Hospitals sans doctors

Perhaps it has become now more or less customary for the State Government to look into pressing problems faced by the people only when they protest and even take to streets. At least, in matters of health care and treatment provided to the patients in the Government hospitals, the concerned ministry is expected, in all fairness, to remain responsive to the needs of the ailing and provide them required medical succor. The State Government has, on the one hand, been expanding the network of health institutions in small towns, sub districts and even villages but on the other hand, in most of the cases, such institutions lack reasonably adequate number of doctors including the specialists to treat the patients. One of such glaring examples is Sub District Hospital Kathua and other health institutions in the district. As per the available reports, not less than 100 posts of Assistant Surgeons and Specialists are lying vacant in these hospitals. The anguish and indignation of the people can only be justified when they find themselves confronted with many a problem in these hospitals on account of shortage of the requisite number of doctors.
The hopes of the people to have the District Hospital Kathua as Model Hospital as promised, appear to them not less than an illusion. It is beyond one’s comprehension as to how can a hospital function normally with just 20 doctors against a sanctioned strength of 50? The fact of the matter is that the number of sanctioned posts is also not on any liberal grounds but frugally assessed on need-based considerations. In the moments of emergencies, the entire pressure of attending the patients falls squarely on these 20 doctors. The level of efficiency of the attending doctors and the sufferings of the patients can well be visualized which in most of the cases, becomes causes of mess and even strife in the hospitals.  The position of other heath institutions in the district is in no way comparatively better and speaks in itself the sordid story of neglect by the authorities. Who is to own responsibility for this problem, which otherwise could have been avoided well in time?

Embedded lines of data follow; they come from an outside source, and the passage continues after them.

text \<open>Elements of V_d = T tensor C[z]/(z^(d+1)), T = C^2, are coefficient sequences
  x :: nat => complex^2 (x m is the coefficient of z^m) vanishing above degree d.
  Elements of g_d = sl_2 tensor C[z]/(z^(d+1)) are sequences of traceless 2x2 matrices
  vanishing above degree d.\<close>

type_synonym vd = "nat \<Rightarrow> complex ^ 2"
type_synonym gdel = "nat \<Rightarrow> complex ^ 2 ^ 2"

definition Vd :: "nat \<Rightarrow> vd set" where
  "Vd d = {x. \<forall>m>d. x m = 0}"

definition gd :: "nat \<Rightarrow> gdel set" where
  "gd d = {\<xi>. (\<forall>m>d. \<xi> m = 0) \<and> (\<forall>m. \<xi> m $ 1 $ 1 + \<xi> m $ 2 $ 2 = 0)}"

text \<open>(xi z^a)(v z^b) = (xi v) z^(a+b), truncated modulo z^(d+1).\<close>
definition act :: "nat \<Rightarrow> gdel \<Rightarrow> vd \<Rightarrow> vd" where
  "act d \<xi> x = (\<lambda>m. if m \<le> d then (\<Sum>a\<le>m. \<xi> a *v x (m - a)) else 0)"

definition expact :: "nat \<Rightarrow> gdel \<Rightarrow> vd \<Rightarrow> vd" where
  "expact d \<xi> x = (\<lambda>m. \<Sum>k. (inverse (fact k) :: complex) *s (((act d \<xi>) ^^ k) x) m)"

text \<open>G_d = exp(g_d): the group generated by the exponentials exp(xi), xi in g_d
  (closed under inverses since exp(xi)^-1 = exp(-xi)).\<close>
inductive_set Gd :: "nat \<Rightarrow> (vd \<Rightarrow> vd) set" for d :: nat where
  Gd_id: "id \<in> Gd d"
| Gd_exp: "g \<in> Gd d \<Longrightarrow> \<xi> \<in> gd d \<Longrightarrow> expact d \<xi> \<circ> g \<in> Gd d"

definition orbit :: "nat \<Rightarrow> vd \<Rightarrow> vd set" where
  "orbit d v = {g v | g. g \<in> Gd d}"

definition e1 :: "complex ^ 2" where
  "e1 = (\<chi> i. if i = 1 then 1 else 0)"

text \<open>e_1 z^n in V_d (equal to 0 when n > d).\<close>
definition e1z :: "nat \<Rightarrow> nat \<Rightarrow> vd" where
  "e1z d n = (\<lambda>m. if m = n \<and> n \<le> d then e1 else 0)"

definition mindeg :: "nat \<Rightarrow> vd \<Rightarrow> nat" where
  "mindeg d x = (if \<exists>m\<le>d. x m \<noteq> 0 then (LEAST m. x m \<noteq> 0) else d + 1)"

definition cdim :: "vd set \<Rightarrow> nat" where
  "cdim S = vector_space.dim (\<lambda>(c::complex) (x::vd). (\<lambda>m. c *s x m)) S"

definition gdot :: "nat \<Rightarrow> vd \<Rightarrow> vd set" where
  "gdot d x = {act d \<xi> x | \<xi>. \<xi> \<in> gd d}"

definition Vs :: "nat \<Rightarrow> nat \<Rightarrow> vd set" where
  "Vs d s = {x \<in> Vd d. cdim (gdot d x) = s}"

end

theory Submission
  imports Defs
begin

text \<open>
  Everything is decided by the leading coefficient. Write \<open>x = \<Sum> x\<^sub>m z\<^sup>m\<close> with
  \<open>n = min.deg x\<close>. An exponential \<open>exp(\<xi>)\<close>, \<open>\<xi> = \<Sum> \<xi>\<^sub>a z\<^sup>a\<close>, keeps the coefficients
  below degree \<open>n\<close> zero and multiplies \<open>x\<^sub>n\<close> by the invertible matrix \<open>exp(\<xi>\<^sub>0)\<close>, so
  \<open>G\<^sub>d\<close> preserves \<open>min.deg\<close>. Conversely, for a nilpotent \<open>N\<close> the exponential of \<open>N z\<^sup>k\<close> is
  \<open>1 + N z\<^sup>k\<close>: with \<open>k = 0\<close> two such maps move \<open>e\<^sub>1\<close> to any nonzero vector, and with
  \<open>k \<ge> 1\<close> they change the coefficient of degree \<open>n + k\<close> by an arbitrary vector without
  touching lower ones, so every \<open>x\<close> of minimal degree \<open>n\<close> is reached degree by degree.
  Finally \<open>\<g>\<^sub>d.x = z\<^sup>n V\<^sub>d\<close>, because \<open>sl\<^sub>2 v = \<complex>\<^sup>2\<close> for \<open>v \<noteq> 0\<close>; this space has
  dimension \<open>2(d + 1 - n)\<close>.
\<close>

section \<open>Exponentials and nilpotents in sl_2\<close>

lemma funpow_square_zero:
  assumes "f (f u) = 0" "f 0 = 0" "2 \<le> k"
  shows "(f ^^ k) u = 0"
  using assms(3)
proof (induction k rule: dec_induct)
  case base then show ?case using assms(1) by (simp add: numeral_2_eq_2)
next
  case (step k) then show ?case using assms(2) by simp
qed

lemma suminf_exp_two_terms:
  fixes g :: "nat \<Rightarrow> complex^'n"
  assumes "\<And>k. 2 \<le> k \<Longrightarrow> g k = 0"
  shows "(\<Sum>k. (inverse (fact k) :: complex) *s g k) = g 0 + g 1"
proof -
  have "(\<Sum>k. (inverse (fact k) :: complex) *s g k) = (\<Sum>k\<in>{0,1}. (inverse (fact k) :: complex) *s g k)"
    using assms by (intro suminf_finite) auto
  then show ?thesis by simp
qed

lemma vec_sumsI:
  fixes f :: "nat \<Rightarrow> complex^'n"
  assumes "\<And>i. (\<lambda>k. f k $ i) sums (L $ i)"
  shows "f sums L"
  using assms unfolding sums_def by (intro vec_tendstoI) (simp add: sum_component)

definition matrix_exp_apply :: "complex^'n^'n \<Rightarrow> complex^'n \<Rightarrow> complex^'n" where
  "matrix_exp_apply A u = (\<Sum>k. (inverse (fact k) :: complex) *s ((\<lambda>v. A *v v) ^^ k) u)"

Merely by construction of good buildings for hospitals do not make them operationally feasible unless they are equipped with the necessary infrastructure, the latest machines and the most important of all the adequate medical staff. It augurs not well for the Government to take refuge under the oft repeated “cash crunch” as the state is receiving adequate funds from the Union Government in the health care sector. That no action is taken despite the matter of shortage of medical staff being discussed threadbare in the District Development Board meetings only shows the lackadaisical approach of the concerned authorities. That public health concerns are not appearing to be central to the concerns of the policy planners especially from the Health and the Finance Ministries can by no means be justified. Healthcare is a human right and needs to be seen in that perspective. The patience of the patients may not be put to any further test.